Proposed pay raises for Cape Girardeau's firefighters and police officers are not what they seem, say officers of the local union that represents the city's firefighters.
Although the city has guaranteed that every city employee will receive pay raises, the proposed 1997-98 salary schedule actually calls for pay decreases for some places on the salary schedule. In addition, a new way of figuring vacation pay could cost firefighters as much as $580 a year, union officials said.
The new pay plan calls for cutting the highest possible salary a firefighter can reach, according to the proposed salary schedule. Under the current plan, maximum pay for a fire training officer or fire marshall is $40,342 a year. Under the proposed schedule, maximum pay for those positions would be $40,185.
"A person here for a career has nothing to shoot for," said Scott Altenthal, a captain in the fire department and vice president of Local 1084 of the International Association of Fire Fighters.
The City Council will discuss next fiscal year's budget at its meeting tonight. Salaries are the largest part of the budget.
At the council's retreat in April, the council's consensus was to raise city employees' pay over the next three years to the average 1995-96 pay level of four Missouri cities of comparable size: St. Joseph, Jefferson City, Joplin and Sedalia.
Since city officials calculated that average as 4 percent higher than current average pay for Cape Girardeau city employees and those cities give their employees an average cost-of-living increase of 2.5 percent annually, the goal was to raise their pay by 2 percent each of the next three years.
City Hall determines an individual employee's pay with a salary schedule. Under the current schedule, a firefighter starts out at $19,102 a year, step A on the salary schedule. After one year on the job, if the firefighter's supervisors determine that the firefighter has had a satisfactory evaluation, that individual progresses to step B or $20,005. The schedule goes up to step K or $26,470.
A firefighter can advance to master firefighter, fire captain, and training officer/fire marshall, each with 11 steps on the salary schedule. Advancement depends on openings.
The proposed salary schedule calls for substantial pay raises for the beginning firefighters. The raise from $19,102 to $20,354 is 6.6 percent. But on the proposed schedule, a fifth-year firefighter's pay is $22,597, while on the current schedule it is $22,800 for a drop of just less than 1 percent.
Under the city's proposed plan, all current workers will get raises of at least 2 percent, said City Manager Michael Miller. If pay for the worker's classification does not provide for that, the worker will advance to the next step at the beginning of the fiscal year and will advance another step on the individual's anniversary date.

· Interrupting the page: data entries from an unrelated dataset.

lemma path_vec_eigen_unreachable:
  assumes w: "w < n" and no_path: "\<not> has_path A r w"
  shows "(\<Sum>z\<in>{0..<n}. A $$ (w, z) * path_vec x r z) = x * path_vec x r w"
proof -
  have zero: "A $$ (w, z) * path_vec x r z = 0" if z: "z \<in> {0..<n}" for z
  proof (cases "adj A w z")
    case True
    then have "adj A z w" using adj_commute w z by simp
    then have "\<not> has_path A r z" using has_path_adj no_path w by blast
    then show ?thesis unfolding path_vec_def by simp
  next
    case False
    then have "A $$ (w, z) = 0 \<or> z = w" unfolding adj_def by auto
    then show ?thesis using no_path unfolding path_vec_def by auto
  qed
  have "(\<Sum>z\<in>{0..<n}. A $$ (w, z) * path_vec x r z) = 0" by (rule sum.neutral) (use zero in blast)
  then show ?thesis using no_path unfolding path_vec_def by simp
qed

lemma path_vec_eigen_root:
  assumes r: "r < n" and root: "char_minor x {} = 0"
  shows "(\<Sum>z\<in>{0..<n}. A $$ (r, z) * path_vec x r z) = x * path_vec x r r"
proof -
  have P: "has_path A r r" "upath A r r = [r]" using upath_self[OF r] by auto
  have "(\<Sum>z\<in>{0..<n}. A $$ (r, z) * path_vec x r z) =
      A $$ (r, r) * path_vec x r r + (\<Sum>z\<in>{0..<n} - {r}. A $$ (r, z) * path_vec x r z)"
    by (rule sum.remove) (use r in auto)
  also have "(\<Sum>z\<in>{0..<n} - {r}. A $$ (r, z) * path_vec x r z) =
      (\<Sum>z\<in>{0..<n} - {r}. A $$ (r, z) * A $$ (z, r) * char_minor x (insert z {r}))"
    using sum_off_upath[OF P(1), of x] P(2) by (simp add: path_weight_def)
  also have "\<dots> = (x - A $$ (r, r)) * char_minor x {r}"
    using char_minor_expand[of r "{}" x] r root by simp
  finally show ?thesis using path_vec_self[OF r] by (simp add: algebra_simps)
qed

text \<open>Away from the root, Schwenk's expansion is applied at \<open>w\<close> to the complement of the path
  from \<open>r\<close> to the predecessor \<open>p\<close> of \<open>w\<close>; its two terms match the contributions of \<open>w\<close> and
  of the neighbours of \<open>w\<close> off the path, while \<open>p\<close> is the only neighbour of \<open>w\<close> on the path.\<close>

lemma path_vec_eigen_descendant:
  assumes hp: "has_path A r w" and wr: "w \<noteq> r"
  shows "(\<Sum>z\<in>{0..<n}. A $$ (w, z) * path_vec x r z) = x * path_vec x r w"
proof -
  obtain P where P: "upath A r w = P @ [w]" "P \<noteq> []" "has_path A r (last P)"
    "upath A r (last P) = P"
    using upath_butlast[OF hp wr] by blast
  define p W T where "p = last P" and "W = path_weight A P" and "T = insert w (set P)"
  let ?off = "\<Sum>z\<in>{0..<n} - T. A $$ (w, z) * A $$ (z, w) * char_minor x (insert z T)"
  have path: "is_path A (P @ [w])" using has_path_upath(1)[OF hp] P(1) by simp
  then have w: "w < n" "w \<notin> set P" and T: "T \<subseteq> {0..<n}"
    unfolding is_path_iff T_def by (auto simp: subset_iff)
  have "p < n" using has_path_lt[OF P(3)] unfolding p_def by simp
  then have sym: "A $$ (w, p) = A $$ (p, w)" using symmetric w(1) by simp
  have weight: "path_weight A (upath A r w) = W * A $$ (p, w)"
    unfolding P(1) W_def p_def by (rule path_weight_snoc[OF P(2)])
  have set_upath: "set (upath A r w) = T" unfolding T_def P(1) by simp
  have g_w: "path_vec x r w = W * A $$ (p, w) * char_minor x T"
    unfolding path_vec_def using hp set_upath weight by simp
  have g_p: "path_vec x r p = W * char_minor x (set P)"
    unfolding path_vec_def p_def W_def using P(3,4) by simp
  have "(\<Sum>z\<in>{0..<n}. A $$ (w, z) * path_vec x r z) =
      (\<Sum>z\<in>{0..<n} - T. A $$ (w, z) * path_vec x r z) + A $$ (w, w) * path_vec x r w
      + (\<Sum>z\<in>set P. A $$ (w, z) * path_vec x r z)"
    using sum.subset_diff[OF T finite_atLeastLessThan, of "\<lambda>z. A $$ (w, z) * path_vec x r z"] w(2)
    unfolding T_def by (simp add: add.assoc)
  also have "(\<Sum>z\<in>{0..<n} - T. A $$ (w, z) * path_vec x r z) = W * A $$ (p, w) * ?off"
    using sum_off_upath[OF hp, of x] unfolding set_upath weight by simp
  also have "(\<Sum>z\<in>set P. A $$ (w, z) * path_vec x r z) = A $$ (w, p) * path_vec x r p"
    unfolding p_def by (rule sum_upath_butlast[OF path P(2)])
  finally have sum_eq: "(\<Sum>z\<in>{0..<n}. A $$ (w, z) * path_vec x r z) =
      W * A $$ (p, w) * ?off + A $$ (w, w) * path_vec x r w + A $$ (w, p) * path_vec x r p" .
  have expand: "char_minor x (set P) + A $$ (w, w) * char_minor x T + ?off = x * char_minor x T"
    using char_minor_expand[OF w] unfolding T_def by (simp add: algebra_simps)
  have "W * A $$ (p, w) * ?off + A $$ (w, w) * (W * A $$ (p, w) * char_minor x T)
      + A $$ (p, w) * (W * char_minor x (set P)) =
      W * A $$ (p, w) * (char_minor x (set P) + A $$ (w, w) * char_minor x T + ?off)"
    by (simp add: algebra_simps)
  then show ?thesis unfolding sum_eq g_w g_p sym expand by simp
qed
(* Let $\phi\ge1$, let $p\in\mathbb{R}_{\ge0}^n$ be arbitrary, and let each weight $w_i$ be chosen uniformly at random from an arbitrary interval $A_i\subseteq[0,1]$ of length $1/\phi$, independently of the other weights. Let $t\ge0$. Then for every $i\in\{1,\ldots,n\}$ and every $\varepsilon\ge0$, $\Pr[\Lambda^i(t)\in(0,\varepsilon]]\le\phi\varepsilon$.
   Context: For $i\in\{1,\ldots,n\}$ and $j\in\{0,1\}$ let $\mathcal{S}^{x_i=j}=\{x\in\{0,1\}^n: x_i=j\}$. Let $x^{\star,i}$ be a solution maximizing $p^{\mathsf T}x$ over $\{x\in\mathcal{S}^{x_i=0}: w^{\mathsf T}x\le t\}$, and let $\hat{x}^i$ be a solution minimizing $w^{\mathsf T}x$ over $\{x\in\mathcal{S}^{x_i=1}: p^{\mathsf T}x>p^{\mathsf T}x^{\star,i}\}$, with $\hat{x}^i=\perp$ if this set is empty. Define $\Lambda^i(t)=w^{\mathsf T}\hat{x}^i-t$ if $\hat{x}^i\ne\perp$ and $\Lambda^i(t)=\infty$ otherwise. *)

theory Defs
  imports "HOL-Probability.Probability"
begin

text \<open>0/1 vectors of length n, indexed 0..n-1, extended by 0 outside.\<close>
definition binvecs :: "nat \<Rightarrow> (nat \<Rightarrow> real) set" where
  "binvecs n = {x. (\<forall>j<n. x j \<in> {0,1}) \<and> (\<forall>j\<ge>n. x j = 0)}"

definition dotp :: "nat \<Rightarrow> (nat \<Rightarrow> real) \<Rightarrow> (nat \<Rightarrow> real) \<Rightarrow> real" where
  "dotp n u x = (\<Sum>j<n. u j * x j)"

definition fixset :: "nat \<Rightarrow> nat \<Rightarrow> real \<Rightarrow> (nat \<Rightarrow> real) set" where
  "fixset n i b = {x \<in> binvecs n. x i = b}"

definition xstar :: "nat \<Rightarrow> (nat \<Rightarrow> real) \<Rightarrow> (nat \<Rightarrow> real) \<Rightarrow> real \<Rightarrow> nat \<Rightarrow> (nat \<Rightarrow> real)" where
  "xstar n p w t i = (SOME x. x \<in> {y \<in> fixset n i 0. dotp n w y \<le> t} \<and>
      (\<forall>y \<in> {y \<in> fixset n i 0. dotp n w y \<le> t}. dotp n p y \<le> dotp n p x))"

definition hatset :: "nat \<Rightarrow> (nat \<Rightarrow> real) \<Rightarrow> (nat \<Rightarrow> real) \<Rightarrow> real \<Rightarrow> nat \<Rightarrow> (nat \<Rightarrow> real) set" where
  "hatset n p w t i = {x \<in> fixset n i 1. dotp n p x > dotp n p (xstar n p w t i)}"

text \<open>\<hat>x^i: a solution minimizing w^T x over hatset (only meaningful if hatset nonempty)\<close>
definition xhat :: "nat \<Rightarrow> (nat \<Rightarrow> real) \<Rightarrow> (nat \<Rightarrow> real) \<Rightarrow> real \<Rightarrow> nat \<Rightarrow> (nat \<Rightarrow> real)" where
  "xhat n p w t i = (SOME x. x \<in> hatset n p w t i \<and>
      (\<forall>y \<in> hatset n p w t i. dotp n w x \<le> dotp n w y))"

text \<open>\<Lambda>^i(t), with \<open>\<infinity>\<close> when \<hat>x^i = \<bottom>\<close>
definition Lambda :: "nat \<Rightarrow> (nat \<Rightarrow> real) \<Rightarrow> (nat \<Rightarrow> real) \<Rightarrow> real \<Rightarrow> nat \<Rightarrow> ereal" where
  "Lambda n p w t i = (if hatset n p w t i = {} then \<infinity>
      else ereal (dotp n w (xhat n p w t i) - t))"

end

theory Submission
  imports Defs
begin

text \<open>Changing the weight \<open>w\<^sub>i\<close> leaves \<open>w\<^sup>T x\<close> unchanged when \<open>x\<^sub>i = 0\<close> and shifts it by
  the same amount for all \<open>x\<close> with \<open>x\<^sub>i = 1\<close>. So neither \<open>x\<^sup>\<star>\<^sup>,\<^sup>i\<close> nor the minimiser
  \<open>x\<^sup>i\<close>-hat depends on \<open>w\<^sub>i\<close>, and \<open>\<Lambda>\<^sup>i(t) = w\<^sub>i - c\<close> with \<open>c\<close> depending only on the other
  weights. Given those, \<open>\<Lambda>\<^sup>i(t) \<in> (0, \<epsilon>]\<close> confines \<open>w\<^sub>i\<close> to an interval of length \<open>\<epsilon>\<close>, which has
  probability at most \<open>\<phi>\<epsilon>\<close> under the uniform density \<open>\<phi>\<close>; Fubini integrates this bound over
  the other weights.\<close>

lemma dotp_fun_upd:
  assumes "i < n"
  shows "dotp n (w(i := v)) x = dotp n w x + (v - w i) * x i"
proof -
  have "dotp n (w(i := v)) x = (\<Sum>j<n. w j * x j + (if j = i then (v - w i) * x i else 0))"
    unfolding dotp_def by (intro sum.cong) (auto simp: algebra_simps)
  then show ?thesis
    using assms by (simp add: sum.distrib dotp_def)
qed

lemma finite_binvecs: "finite (binvecs n)"
proof (rule finite_subset)
  show "binvecs n \<subseteq> {x. \<forall>j. (j \<in> {..<n} \<longrightarrow> x j \<in> {0, 1}) \<and> (j \<notin> {..<n} \<longrightarrow> x j = 0)}"
    by (auto simp: binvecs_def)
qed (intro finite_set_of_finite_funs; simp)

lemma xhat_in_hatset:
  assumes "hatset n p w t i \<noteq> {}"
  shows "xhat n p w t i \<in> hatset n p w t i"
proof -
  have "finite (hatset n p w t i)"
    using finite_binvecs by (rule rev_finite_subset) (auto simp: hatset_def fixset_def)
  then obtain m where "is_arg_min (dotp n w) (\<lambda>x. x \<in> hatset n p w t i) m"
    using ex_is_arg_min_if_finite assms by blast
  then have "m \<in> hatset n p w t i \<and> (\<forall>y \<in> hatset n p w t i. dotp n w m \<le> dotp n w y)"
      (is "?minimal m")
    by (auto simp: is_arg_min_def not_less)
  then have "?minimal (xhat n p w t i)"
    unfolding xhat_def by (rule someI[of ?minimal])
  then show ?thesis ..
qed

lemma xstar_fun_upd:
  assumes "i < n"
  shows "xstar n p (w(i := v)) t i = xstar n p w t i"
proof -
  have "{y \<in> fixset n i 0. dotp n (w(i := v)) y \<le> t} = {y \<in> fixset n i 0. dotp n w y \<le> t}"
    using dotp_fun_upd[OF assms] by (auto simp: fixset_def)
  then show ?thesis
    unfolding xstar_def by simp
qed

lemma hatset_fun_upd:
  assumes "i < n"
  shows "hatset n p (w(i := v)) t i = hatset n p w t i"
  unfolding hatset_def xstar_fun_upd[OF assms] ..

lemma xhat_fun_upd:
  assumes "i < n"
  shows "xhat n p (w(i := v)) t i = xhat n p w t i"
proof -
  have "dotp n (w(i := v)) x \<le> dotp n (w(i := v)) y \<longleftrightarrow> dotp n w x \<le> dotp n w y"
    if "x \<in> hatset n p w t i" "y \<in> hatset n p w t i" for x y
    using that dotp_fun_upd[OF assms] by (simp add: hatset_def fixset_def)
  then have "(\<lambda>x. x \<in> hatset n p w t i \<and> (\<forall>y \<in> hatset n p w t i. dotp n (w(i := v)) x \<le> dotp n (w(i := v)) y))
      = (\<lambda>x. x \<in> hatset n p w t i \<and> (\<forall>y \<in> hatset n p w t i. dotp n w x \<le> dotp n w y))"
    by (intro ext conj_cong refl ball_cong) auto
  then show ?thesis
    unfolding xhat_def hatset_fun_upd[OF assms] by simp
qed

lemma Lambda_fun_upd:
  assumes "i < n"
  shows "Lambda n p (w(i := v)) t i = Lambda n p w t i + ereal (v - w i)"
proof (cases "hatset n p w t i = {}")
  case False
  then have "xhat n p w t i i = 1"
    using xhat_in_hatset by (force simp: hatset_def fixset_def)
  with False show ?thesis
    by (simp add: Lambda_def hatset_fun_upd[OF assms] xhat_fun_upd[OF assms] dotp_fun_upd[OF assms])
qed (simp add: Lambda_def hatset_fun_upd[OF assms])

lemma measure_uniform_interval_le:
  fixes a b c d :: real
  assumes "a < b" "c \<le> d"
  shows "measure (uniform_measure lborel {a..b}) {c<..d} \<le> (d - c) / (b - a)"
proof -
  have "emeasure (uniform_measure lborel {a..b}) {c<..d}
      = emeasure lborel ({a..b} \<inter> {c<..d}) / ennreal (b - a)"
    using assms by simp
  also have "\<dots> \<le> emeasure lborel {c<..d} / ennreal (b - a)"
    by (intro divide_right_mono_ennreal emeasure_mono) auto
  also have "\<dots> = ennreal ((d - c) / (b - a))"
    using assms by (simp add: divide_ennreal)
  finally show ?thesis
    using assms by (simp add: measure_def enn2real_leI)
qed

lemma measure_PiM_le_by_sections:
  assumes "finite I" "i \<in> I" "\<And>j. prob_space (M j)" "c \<ge> 0"
    and sections: "\<And>x. \<exists>T \<in> sets (M i). (\<forall>y. P (x(i := y)) \<longrightarrow> y \<in> T) \<and> measure (M i) T \<le> c"
  shows "measure (PiM I M) {w \<in> space (PiM I M). P w} \<le> c"
proof (cases "{w \<in> space (PiM I M). P w} \<in> sets (PiM I M)")
  case True
  define S where "S = {w \<in> space (PiM I M). P w}"
  interpret product_sigma_finite M
    using assms(3) by (simp add: product_sigma_finite_def prob_space_imp_sigma_finite)
  interpret rest: prob_space "PiM (I - {i}) M"
    using assms(3) by (rule prob_space_PiM)
  have section_bound: "(\<integral>\<^sup>+ y. indicator S (x(i := y)) \<partial>M i) \<le> ennreal c" for x
  proof -
    obtain T where T: "T \<in> sets (M i)" "\<forall>y. P (x(i := y)) \<longrightarrow> y \<in> T" "measure (M i) T \<le> c"
      using sections by blast
    interpret prob_space "M i" by (rule assms(3))
    have "(\<integral>\<^sup>+ y. indicator S (x(i := y)) \<partial>M i) \<le> (\<integral>\<^sup>+ y. indicator T y \<partial>M i)"
      using T(2) by (intro nn_integral_mono) (auto simp: S_def split: split_indicator)
    also have "\<dots> = ennreal (measure (M i) T)"
      using T(1) by (simp add: emeasure_eq_measure)
    finally show ?thesis
      using T(3) by (meson ennreal_leI order_trans)
  qed
  have I_split: "insert i (I - {i}) = I"
    using assms(2) by blast
  have "emeasure (PiM I M) S = (\<integral>\<^sup>+ w. indicator S w \<partial>PiM I M)"
    using True by (simp add: S_def)
  also have "\<dots> = (\<integral>\<^sup>+ x. (\<integral>\<^sup>+ y. indicator S (x(i := y)) \<partial>M i) \<partial>PiM (I - {i}) M)"
    using product_nn_integral_insert[of "I - {i}" i "indicator S"] True assms(1)
    unfolding I_split S_def by simp
  also have "\<dots> \<le> (\<integral>\<^sup>+ x. ennreal c \<partial>PiM (I - {i}) M)"
    by (intro nn_integral_mono section_bound)
  also have "\<dots> = ennreal c"
    by (simp add: rest.emeasure_space_1)
  finally show ?thesis
    using assms(4) by (simp add: S_def measure_def enn2real_leI)
qed (simp add: measure_notin_sets assms(4))

theorem lemma2p7:
  fixes n :: nat and \<phi> :: real and p a :: "nat \<Rightarrow> real" and t \<epsilon> :: real and i :: nat
  assumes "\<phi> \<ge> 1"
    and "\<forall>j<n. p j \<ge> 0"
    and "\<forall>j<n. 0 \<le> a j \<and> a j + 1 / \<phi> \<le> 1"
    and "t \<ge> 0"
    and "i < n"
    and "\<epsilon> \<ge> 0"
  shows "measure (PiM {..<n} (\<lambda>j. uniform_measure lborel {a j .. a j + 1 / \<phi>}))
           {w \<in> space (PiM {..<n} (\<lambda>j. uniform_measure lborel {a j .. a j + 1 / \<phi>})).
              Lambda n p w t i \<in> {0<..ereal \<epsilon>}}
         \<le> \<phi> * \<epsilon>"
proof (rule measure_PiM_le_by_sections)
  show "prob_space (uniform_measure lborel {a j .. a j + 1 / \<phi>})" for j
    using assms(1) by (intro prob_space_uniform_measure) auto
  fix x :: "nat \<Rightarrow> real"
  \<comment> \<open>If \<open>\<Lambda>\<close> is infinite here, \<open>c\<close> is junk, but then \<open>\<Lambda>\<close> is infinite for every value of \<open>w\<^sub>i\<close>.\<close>
  define c where "c = - real_of_ereal (Lambda n p (x(i := 0)) t i)"
  have "y \<in> {c<..c + \<epsilon>}" if "Lambda n p (x(i := y)) t i \<in> {0<..ereal \<epsilon>}" for y
  proof -
    have "Lambda n p (x(i := y)) t i = Lambda n p (x(i := 0)) t i + ereal y"
      using Lambda_fun_upd[OF assms(5), where w = "x(i := 0)" and v = y] by simp
    with that show ?thesis
      by (cases "Lambda n p (x(i := 0)) t i") (auto simp: c_def)
  qed
  moreover have "{c<..c + \<epsilon>} \<in> sets (uniform_measure lborel {a i .. a i + 1 / \<phi>})"
    by simp
  moreover have "measure (uniform_measure lborel {a i .. a i + 1 / \<phi>}) {c<..c + \<epsilon>} \<le> \<phi> * \<epsilon>"
    using measure_uniform_interval_le[of "a i" "a i + 1 / \<phi>" c "c + \<epsilon>"] assms(1,6) by simp
  ultimately show "\<exists>T \<in> sets (uniform_measure lborel {a i .. a i + 1 / \<phi>}).
      (\<forall>y. Lambda n p (x(i := y)) t i \<in> {0<..ereal \<epsilon>} \<longrightarrow> y \<in> T)
      \<and> measure (uniform_measure lborel {a i .. a i + 1 / \<phi>}) T \<le> \<phi> * \<epsilon>"
    by blast
qed (use assms(1,5,6) in auto)

end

This would result in a raise of at least 4.6 percent, Miller said.
Union President Chuck Denson, a firefighter at step I, said this benefits employees immediately, "but in the future, the new people, when they get to step I, they'll be making less than I'm making."
In addition, the city has changed the way it figures vacation pay. Currently, the city regularly schedules firefighters for overtime -- federal law calls for overtime pay for firefighters after 52 hours a week. Under current practice, if a firefighter takes vacation, it doesn't affect how much overtime pay he draws. Under the proposed system, any time a firefighter takes vacation he will lose the overtime from that pay period, Altenthal said.
The proposal is in line with federal law, while the old system was more generous, Denson said.
Altenthal said that change will cost him as much as $580 a year, while his pay raise would be $699, so his raise will only amount to $119 for next year under the proposed pay plan.
Miller said the proposed new pay scales are only the first step. He said that if the city has the money, further increases will follow as Cape Girardeau tries to bring its workers' pay in line with the other four cities.
Mayor Al Spradling III said he favors the overall plan of raising pay to be in line with the four cities, but Miller is in charge of specifics. "We're not micromanaging it," Spradling said.
In another aspect of the budget, city officials previously announced a plan to raise refuse collection fees after July 1. The new budget calls for a 60-cent monthly rise to $12.73 a month from the current $12.13.
Spradling said revenues at the city's transfer station have declined since CWI, a private hauler, opened its own transfer station. Spradling said profits from the transfer station have helped subsidize residential trash service.